In reality, however, the interest rate of the US dollar (Fed funds) stands at around 4% and multiple crypto projects offer staking rewards with much higher rates. On an efficient market, the futures should reflect the difference in interest rates between the coins. So when the staking rewards are higher than 4%, the investor should pay to short, rather than earn. Otherwise an investor can simply profit by staking the coin and shorting the future.

With the default rate not reflecting the market, the only way for the futures to have the "correct" funding rate is adjusting it via the Premium Index. But this is not easy to do. On Gate.io and Binance, the funding rates are calculated by the following formula:

Premium Index = [Max (0, Depth Weighted Bid Price - Mark Price) - Max (0, Mark Price - Depth Weighted Ask Price)]/Index Price

Funding Rate(F) = Premium Index(P)+clamp(interest rate-Premium Index(P),0.05%-0.05%)

This (SOURCE) goes in-depth on how the formulas work and explains the numbers involved.

The first formula means that regardless of market conditions, the Premium Index would only start to be adjusted if either the impact bid is higher than the mark price or the impact ask is lower than the mark price. In other words, the Premium Index would only start to be adjusted if there are people willing to sell at least $4000 worth of contracts below what the exchange considers a fair price. Many futures don’t achieve that simply due to lack of liquidity.

The second formula means that the premium index would need to be at least 0.05% to impact the funding rate, making it even harder to accomplish.
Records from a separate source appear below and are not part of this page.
(* Let $q$ be a prime power, $n\ge 6$ even, and $\mathcal{L}$ the Desarguesian $2$-spread of $\mathbb{F}_q^n$. Every $4$-dimensional subspace $U$ of $\mathbb{F}_q^n$ that contains exactly one element of $\mathcal{L}$ is adjacent in the Grassmann graph $J_q(n,4)$ to exactly $q+1$ four-dimensional subspaces containing $q^2+1$ elements of $\mathcal{L}$.
   Context: Identify $\mathbb{F}_q^n$ with $\mathbb{F}_{q^n}$, $n$ even, and let $F'=\mathbb{F}_{q^2}$ be its subfield of order $q^2$. The Desarguesian $2$-spread $\mathcal{L}$ is the set of $2$-dimensional $\mathbb{F}_q$-subspaces $F'x=\{\lambda x:\lambda\in F'\}$, $x\ne0$. The Grassmann graph $J_q(n,k)$ has as vertices the $k$-dimensional subspaces of $\mathbb{F}_q^n$, adjacent iff they meet in a $(k-1)$-dimensional subspace. *)

theory Defs
  imports "HOL-Computational_Algebra.Primes"
begin

text \<open>We identify F_q^n with the finite field 'a of order q^n.  The prime subfield
  F_q is the set of roots of x^q - x, and F_{q^2} the set of roots of x^(q^2) - x.\<close>

definition Fq :: "nat \<Rightarrow> 'a::{finite,field} set" where
  "Fq q = {x. x ^ q = x}"

definition Fq2 :: "nat \<Rightarrow> 'a::{finite,field} set" where
  "Fq2 q = {x. x ^ (q^2) = x}"

definition fq_span :: "nat \<Rightarrow> 'a::{finite,field} list \<Rightarrow> 'a set" where
  "fq_span q vs = {(\<Sum>i<length vs. c i * vs ! i) | c. \<forall>i<length vs. c i \<in> Fq q}"

definition fq_indep :: "nat \<Rightarrow> 'a::{finite,field} list \<Rightarrow> bool" where
  "fq_indep q vs \<longleftrightarrow> (\<forall>c. (\<forall>i<length vs. c i \<in> Fq q) \<longrightarrow>
      (\<Sum>i<length vs. c i * vs ! i) = 0 \<longrightarrow> (\<forall>i<length vs. c i = 0))"

definition fq_subspace_dim :: "nat \<Rightarrow> 'a::{finite,field} set \<Rightarrow> nat \<Rightarrow> bool" where
  "fq_subspace_dim q U k \<longleftrightarrow>
     (\<exists>vs. length vs = k \<and> fq_indep q vs \<and> fq_span q vs = U)"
For reference, a 0.05% funding rate every 8 hours is a 54.75% annualized rate.

So while it would be possible for the futures to have a funding rate in line with what we would expect from the interest rates involve, this is very hard to achieve in practice, due to how the rates are defined.

The results are felt on multiple exchanges, but a good example is Gate.io where over the past 7 days, 133 out of the 181 Futures tracked by Coinglass had an accumulated 0.21% funding rate, meaning that their funding rate was 0.01% on every interval and investors were paid to short the tokens. Including clear cases for arbitrage.